ASSIGNMENT ▸ Copy each line below containing "finally".

PROVIDED MATERIAL ▸
- - - -

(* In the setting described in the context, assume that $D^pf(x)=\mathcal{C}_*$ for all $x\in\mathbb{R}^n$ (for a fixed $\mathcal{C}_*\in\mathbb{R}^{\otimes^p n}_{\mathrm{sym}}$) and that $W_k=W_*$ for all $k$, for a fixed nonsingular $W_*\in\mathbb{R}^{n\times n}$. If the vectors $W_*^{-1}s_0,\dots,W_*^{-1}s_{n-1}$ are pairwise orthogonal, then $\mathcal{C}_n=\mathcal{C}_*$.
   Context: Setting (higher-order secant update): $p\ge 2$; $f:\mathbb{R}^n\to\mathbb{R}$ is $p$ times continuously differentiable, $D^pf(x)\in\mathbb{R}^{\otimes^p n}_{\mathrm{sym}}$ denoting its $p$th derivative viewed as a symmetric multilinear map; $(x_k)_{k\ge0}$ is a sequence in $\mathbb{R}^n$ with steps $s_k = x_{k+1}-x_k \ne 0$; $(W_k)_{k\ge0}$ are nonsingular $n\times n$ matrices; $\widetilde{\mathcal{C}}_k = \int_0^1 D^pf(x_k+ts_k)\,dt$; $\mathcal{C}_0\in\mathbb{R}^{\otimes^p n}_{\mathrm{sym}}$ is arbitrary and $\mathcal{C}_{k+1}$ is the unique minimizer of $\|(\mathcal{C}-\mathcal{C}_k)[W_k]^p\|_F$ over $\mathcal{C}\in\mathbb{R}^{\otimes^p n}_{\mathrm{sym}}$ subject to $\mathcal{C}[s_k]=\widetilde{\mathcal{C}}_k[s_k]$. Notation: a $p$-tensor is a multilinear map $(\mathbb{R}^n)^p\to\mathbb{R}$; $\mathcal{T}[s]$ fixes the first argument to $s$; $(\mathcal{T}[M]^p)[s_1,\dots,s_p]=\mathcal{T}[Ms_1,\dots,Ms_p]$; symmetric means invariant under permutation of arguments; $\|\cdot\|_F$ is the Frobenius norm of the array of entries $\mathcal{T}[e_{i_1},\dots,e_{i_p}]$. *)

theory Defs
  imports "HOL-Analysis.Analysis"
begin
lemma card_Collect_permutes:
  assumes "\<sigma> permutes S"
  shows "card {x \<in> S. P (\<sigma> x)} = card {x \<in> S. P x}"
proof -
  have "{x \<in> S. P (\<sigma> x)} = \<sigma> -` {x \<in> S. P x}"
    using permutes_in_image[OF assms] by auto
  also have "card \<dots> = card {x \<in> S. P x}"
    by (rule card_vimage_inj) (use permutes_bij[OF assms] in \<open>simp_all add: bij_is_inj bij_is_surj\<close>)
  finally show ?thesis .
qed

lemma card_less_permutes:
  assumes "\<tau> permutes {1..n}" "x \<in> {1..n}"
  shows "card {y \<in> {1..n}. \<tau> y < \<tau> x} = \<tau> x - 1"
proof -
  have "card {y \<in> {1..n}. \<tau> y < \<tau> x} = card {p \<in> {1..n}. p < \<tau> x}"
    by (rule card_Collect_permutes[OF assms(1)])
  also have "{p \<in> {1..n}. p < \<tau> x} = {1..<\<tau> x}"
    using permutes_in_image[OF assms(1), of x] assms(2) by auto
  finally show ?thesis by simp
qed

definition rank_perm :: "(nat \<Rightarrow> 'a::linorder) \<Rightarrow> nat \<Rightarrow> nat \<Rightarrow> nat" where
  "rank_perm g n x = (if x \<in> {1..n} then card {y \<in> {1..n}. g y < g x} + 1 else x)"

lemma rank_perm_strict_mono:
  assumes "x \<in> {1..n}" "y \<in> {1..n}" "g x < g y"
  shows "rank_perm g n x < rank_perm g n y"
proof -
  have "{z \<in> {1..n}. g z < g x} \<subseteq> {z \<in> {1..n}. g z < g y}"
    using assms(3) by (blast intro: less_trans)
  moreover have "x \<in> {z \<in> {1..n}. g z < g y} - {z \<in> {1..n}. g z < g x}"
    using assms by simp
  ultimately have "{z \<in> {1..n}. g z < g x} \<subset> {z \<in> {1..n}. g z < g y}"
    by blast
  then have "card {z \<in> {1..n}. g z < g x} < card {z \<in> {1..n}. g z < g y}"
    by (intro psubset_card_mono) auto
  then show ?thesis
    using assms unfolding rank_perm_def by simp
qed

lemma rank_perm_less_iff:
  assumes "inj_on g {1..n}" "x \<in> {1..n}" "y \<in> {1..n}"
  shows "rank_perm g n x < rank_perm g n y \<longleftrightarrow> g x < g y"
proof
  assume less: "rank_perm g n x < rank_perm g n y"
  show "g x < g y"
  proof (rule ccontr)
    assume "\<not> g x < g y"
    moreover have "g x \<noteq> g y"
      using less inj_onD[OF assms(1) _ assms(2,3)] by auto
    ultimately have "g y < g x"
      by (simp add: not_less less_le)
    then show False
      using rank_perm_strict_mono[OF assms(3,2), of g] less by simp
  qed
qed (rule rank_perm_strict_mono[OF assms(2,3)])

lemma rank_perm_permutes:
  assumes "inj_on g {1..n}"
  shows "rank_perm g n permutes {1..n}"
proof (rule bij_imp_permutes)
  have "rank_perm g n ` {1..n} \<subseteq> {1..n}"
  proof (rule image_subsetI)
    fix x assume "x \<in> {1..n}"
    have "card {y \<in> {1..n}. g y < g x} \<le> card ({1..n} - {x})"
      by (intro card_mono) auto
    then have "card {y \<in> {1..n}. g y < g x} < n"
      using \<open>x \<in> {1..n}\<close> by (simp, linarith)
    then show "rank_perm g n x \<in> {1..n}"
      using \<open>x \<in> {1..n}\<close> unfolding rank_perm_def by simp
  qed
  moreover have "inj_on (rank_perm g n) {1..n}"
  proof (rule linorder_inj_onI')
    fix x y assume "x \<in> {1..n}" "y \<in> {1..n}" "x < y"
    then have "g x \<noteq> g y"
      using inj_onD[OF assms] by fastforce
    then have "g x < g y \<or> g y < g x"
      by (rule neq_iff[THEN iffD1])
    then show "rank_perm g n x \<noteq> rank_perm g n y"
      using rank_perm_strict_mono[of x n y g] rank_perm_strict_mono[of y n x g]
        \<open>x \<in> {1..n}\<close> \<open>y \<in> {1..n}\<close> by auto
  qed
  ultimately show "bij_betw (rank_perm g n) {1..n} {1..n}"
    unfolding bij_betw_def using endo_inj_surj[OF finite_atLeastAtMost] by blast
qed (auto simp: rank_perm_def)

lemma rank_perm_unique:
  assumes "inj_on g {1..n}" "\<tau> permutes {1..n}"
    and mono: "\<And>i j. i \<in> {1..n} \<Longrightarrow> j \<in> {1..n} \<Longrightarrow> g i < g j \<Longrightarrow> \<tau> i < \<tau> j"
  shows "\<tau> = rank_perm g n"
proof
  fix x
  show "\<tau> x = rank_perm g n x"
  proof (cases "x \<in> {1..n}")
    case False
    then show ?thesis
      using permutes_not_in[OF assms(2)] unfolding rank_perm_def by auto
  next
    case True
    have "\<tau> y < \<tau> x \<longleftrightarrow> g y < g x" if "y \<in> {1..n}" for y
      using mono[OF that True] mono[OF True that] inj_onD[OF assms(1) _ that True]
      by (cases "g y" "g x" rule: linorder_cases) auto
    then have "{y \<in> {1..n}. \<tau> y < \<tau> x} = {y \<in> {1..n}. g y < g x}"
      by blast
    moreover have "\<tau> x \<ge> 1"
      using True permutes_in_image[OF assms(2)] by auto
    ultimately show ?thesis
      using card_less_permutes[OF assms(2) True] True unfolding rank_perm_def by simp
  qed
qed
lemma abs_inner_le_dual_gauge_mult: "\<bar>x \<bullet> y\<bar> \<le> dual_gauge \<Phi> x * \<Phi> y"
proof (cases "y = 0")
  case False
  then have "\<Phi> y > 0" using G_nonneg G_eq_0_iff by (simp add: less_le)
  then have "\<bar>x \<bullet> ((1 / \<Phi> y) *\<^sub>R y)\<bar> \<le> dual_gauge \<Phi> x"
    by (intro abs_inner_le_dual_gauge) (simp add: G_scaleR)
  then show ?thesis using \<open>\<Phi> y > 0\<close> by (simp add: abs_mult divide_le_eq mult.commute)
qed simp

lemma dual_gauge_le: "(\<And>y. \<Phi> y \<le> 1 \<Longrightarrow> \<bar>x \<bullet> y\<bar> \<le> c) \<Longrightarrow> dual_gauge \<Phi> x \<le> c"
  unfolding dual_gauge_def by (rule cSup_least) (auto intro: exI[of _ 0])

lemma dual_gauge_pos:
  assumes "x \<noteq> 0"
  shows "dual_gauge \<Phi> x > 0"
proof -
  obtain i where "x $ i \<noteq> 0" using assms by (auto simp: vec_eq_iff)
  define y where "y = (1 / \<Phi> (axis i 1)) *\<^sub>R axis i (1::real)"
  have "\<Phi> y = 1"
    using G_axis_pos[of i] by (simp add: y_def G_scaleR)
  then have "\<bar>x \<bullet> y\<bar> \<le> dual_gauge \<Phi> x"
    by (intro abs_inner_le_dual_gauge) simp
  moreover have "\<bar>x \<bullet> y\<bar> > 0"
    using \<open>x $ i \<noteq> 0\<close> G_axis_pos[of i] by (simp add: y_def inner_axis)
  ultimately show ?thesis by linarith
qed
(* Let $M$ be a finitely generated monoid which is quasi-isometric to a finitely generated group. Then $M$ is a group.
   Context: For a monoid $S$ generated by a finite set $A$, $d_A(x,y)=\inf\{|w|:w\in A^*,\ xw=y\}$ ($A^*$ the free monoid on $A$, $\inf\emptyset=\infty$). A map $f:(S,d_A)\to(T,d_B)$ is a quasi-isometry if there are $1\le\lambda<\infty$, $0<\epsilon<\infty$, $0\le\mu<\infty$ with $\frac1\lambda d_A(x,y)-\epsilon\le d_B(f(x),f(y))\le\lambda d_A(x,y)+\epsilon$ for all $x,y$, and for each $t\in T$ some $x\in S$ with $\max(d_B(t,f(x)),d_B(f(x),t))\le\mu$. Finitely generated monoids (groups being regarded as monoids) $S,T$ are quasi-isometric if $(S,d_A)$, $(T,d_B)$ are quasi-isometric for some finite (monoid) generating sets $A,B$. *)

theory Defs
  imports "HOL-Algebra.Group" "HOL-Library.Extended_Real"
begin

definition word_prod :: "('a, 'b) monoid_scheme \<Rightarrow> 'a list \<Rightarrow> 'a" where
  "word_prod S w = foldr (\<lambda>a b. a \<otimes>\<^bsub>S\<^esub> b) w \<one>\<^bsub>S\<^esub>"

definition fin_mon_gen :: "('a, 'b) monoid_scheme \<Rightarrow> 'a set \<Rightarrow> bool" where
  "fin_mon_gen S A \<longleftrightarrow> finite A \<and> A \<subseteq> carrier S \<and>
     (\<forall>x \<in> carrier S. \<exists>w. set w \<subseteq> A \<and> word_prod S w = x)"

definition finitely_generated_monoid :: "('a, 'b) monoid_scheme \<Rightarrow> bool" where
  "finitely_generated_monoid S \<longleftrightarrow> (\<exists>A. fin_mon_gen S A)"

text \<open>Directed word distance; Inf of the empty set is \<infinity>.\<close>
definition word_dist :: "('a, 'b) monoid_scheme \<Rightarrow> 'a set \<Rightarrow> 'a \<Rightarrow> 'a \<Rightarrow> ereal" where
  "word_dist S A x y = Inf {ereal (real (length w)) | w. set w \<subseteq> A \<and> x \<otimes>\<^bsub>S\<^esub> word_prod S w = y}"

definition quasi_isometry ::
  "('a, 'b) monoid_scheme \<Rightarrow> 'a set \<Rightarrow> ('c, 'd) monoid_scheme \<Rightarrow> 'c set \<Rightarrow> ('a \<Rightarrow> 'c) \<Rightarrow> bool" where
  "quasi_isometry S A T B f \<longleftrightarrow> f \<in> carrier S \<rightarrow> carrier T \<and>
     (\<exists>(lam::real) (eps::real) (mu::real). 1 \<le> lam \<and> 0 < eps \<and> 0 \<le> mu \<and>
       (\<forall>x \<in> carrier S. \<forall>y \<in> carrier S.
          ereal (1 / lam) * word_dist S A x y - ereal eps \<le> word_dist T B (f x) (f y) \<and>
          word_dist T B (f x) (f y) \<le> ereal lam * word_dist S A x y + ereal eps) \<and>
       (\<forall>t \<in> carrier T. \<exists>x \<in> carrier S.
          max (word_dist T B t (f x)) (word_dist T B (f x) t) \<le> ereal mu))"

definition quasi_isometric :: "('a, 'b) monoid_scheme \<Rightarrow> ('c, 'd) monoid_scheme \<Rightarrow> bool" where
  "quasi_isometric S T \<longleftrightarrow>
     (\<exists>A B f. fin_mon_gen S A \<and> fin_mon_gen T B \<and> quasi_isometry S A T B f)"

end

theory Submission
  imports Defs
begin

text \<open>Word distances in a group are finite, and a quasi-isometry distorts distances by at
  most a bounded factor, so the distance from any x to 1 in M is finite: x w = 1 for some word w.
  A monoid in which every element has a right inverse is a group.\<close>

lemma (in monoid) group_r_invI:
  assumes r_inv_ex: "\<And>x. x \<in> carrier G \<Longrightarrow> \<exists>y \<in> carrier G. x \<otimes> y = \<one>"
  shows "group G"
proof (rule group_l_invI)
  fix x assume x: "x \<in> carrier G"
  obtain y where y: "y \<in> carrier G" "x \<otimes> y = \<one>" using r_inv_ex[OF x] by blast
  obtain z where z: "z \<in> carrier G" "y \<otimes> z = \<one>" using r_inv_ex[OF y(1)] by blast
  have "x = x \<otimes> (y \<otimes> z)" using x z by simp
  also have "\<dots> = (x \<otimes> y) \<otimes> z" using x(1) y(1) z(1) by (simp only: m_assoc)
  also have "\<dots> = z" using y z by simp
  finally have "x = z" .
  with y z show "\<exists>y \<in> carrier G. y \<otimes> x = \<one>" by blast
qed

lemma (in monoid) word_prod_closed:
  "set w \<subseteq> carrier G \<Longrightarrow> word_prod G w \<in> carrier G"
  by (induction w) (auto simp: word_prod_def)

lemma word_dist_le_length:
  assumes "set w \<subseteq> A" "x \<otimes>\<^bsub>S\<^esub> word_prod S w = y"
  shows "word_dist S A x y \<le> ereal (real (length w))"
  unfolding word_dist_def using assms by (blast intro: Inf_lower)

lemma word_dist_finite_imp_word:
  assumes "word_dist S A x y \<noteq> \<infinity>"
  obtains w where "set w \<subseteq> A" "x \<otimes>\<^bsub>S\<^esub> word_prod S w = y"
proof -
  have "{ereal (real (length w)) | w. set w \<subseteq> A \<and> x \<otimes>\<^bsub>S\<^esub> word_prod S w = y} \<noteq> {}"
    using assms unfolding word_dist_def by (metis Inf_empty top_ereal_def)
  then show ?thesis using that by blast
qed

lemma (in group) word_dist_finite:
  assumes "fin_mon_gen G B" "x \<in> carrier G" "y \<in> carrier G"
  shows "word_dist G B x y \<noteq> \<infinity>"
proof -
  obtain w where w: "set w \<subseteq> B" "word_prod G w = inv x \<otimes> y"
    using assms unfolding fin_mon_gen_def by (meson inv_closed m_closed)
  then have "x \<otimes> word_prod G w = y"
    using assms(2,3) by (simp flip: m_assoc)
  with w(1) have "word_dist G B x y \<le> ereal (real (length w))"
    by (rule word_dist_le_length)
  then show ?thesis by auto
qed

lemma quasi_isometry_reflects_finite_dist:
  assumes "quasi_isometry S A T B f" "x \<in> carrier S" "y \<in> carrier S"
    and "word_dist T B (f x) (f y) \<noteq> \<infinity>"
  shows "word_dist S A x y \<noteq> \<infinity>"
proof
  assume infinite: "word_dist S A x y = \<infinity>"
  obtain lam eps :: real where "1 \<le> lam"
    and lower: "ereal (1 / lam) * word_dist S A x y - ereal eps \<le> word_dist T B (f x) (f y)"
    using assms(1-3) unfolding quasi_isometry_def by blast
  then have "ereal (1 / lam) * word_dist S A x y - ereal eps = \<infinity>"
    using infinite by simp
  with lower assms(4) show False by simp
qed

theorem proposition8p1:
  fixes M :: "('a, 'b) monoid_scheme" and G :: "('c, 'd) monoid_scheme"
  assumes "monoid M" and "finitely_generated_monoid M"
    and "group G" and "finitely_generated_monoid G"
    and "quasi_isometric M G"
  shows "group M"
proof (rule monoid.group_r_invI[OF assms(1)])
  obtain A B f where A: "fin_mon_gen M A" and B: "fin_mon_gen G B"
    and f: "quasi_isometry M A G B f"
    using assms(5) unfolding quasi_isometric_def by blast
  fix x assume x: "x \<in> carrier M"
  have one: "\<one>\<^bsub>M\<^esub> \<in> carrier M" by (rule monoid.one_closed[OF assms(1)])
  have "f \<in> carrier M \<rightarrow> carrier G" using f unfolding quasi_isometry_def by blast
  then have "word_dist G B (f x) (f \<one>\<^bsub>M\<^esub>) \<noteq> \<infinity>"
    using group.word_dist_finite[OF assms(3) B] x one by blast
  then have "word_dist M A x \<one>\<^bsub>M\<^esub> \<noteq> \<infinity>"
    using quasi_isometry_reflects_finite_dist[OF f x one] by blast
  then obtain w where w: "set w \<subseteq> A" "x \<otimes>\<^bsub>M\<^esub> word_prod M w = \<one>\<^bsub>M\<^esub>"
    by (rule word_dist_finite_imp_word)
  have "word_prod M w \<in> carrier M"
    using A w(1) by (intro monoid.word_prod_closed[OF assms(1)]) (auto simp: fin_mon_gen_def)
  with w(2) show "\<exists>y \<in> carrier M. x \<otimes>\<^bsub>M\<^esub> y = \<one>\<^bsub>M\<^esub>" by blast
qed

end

- - - -

TASK RESULT ▸
  finally show ?thesis .
  finally show ?thesis by simp
  finally have "x = z" .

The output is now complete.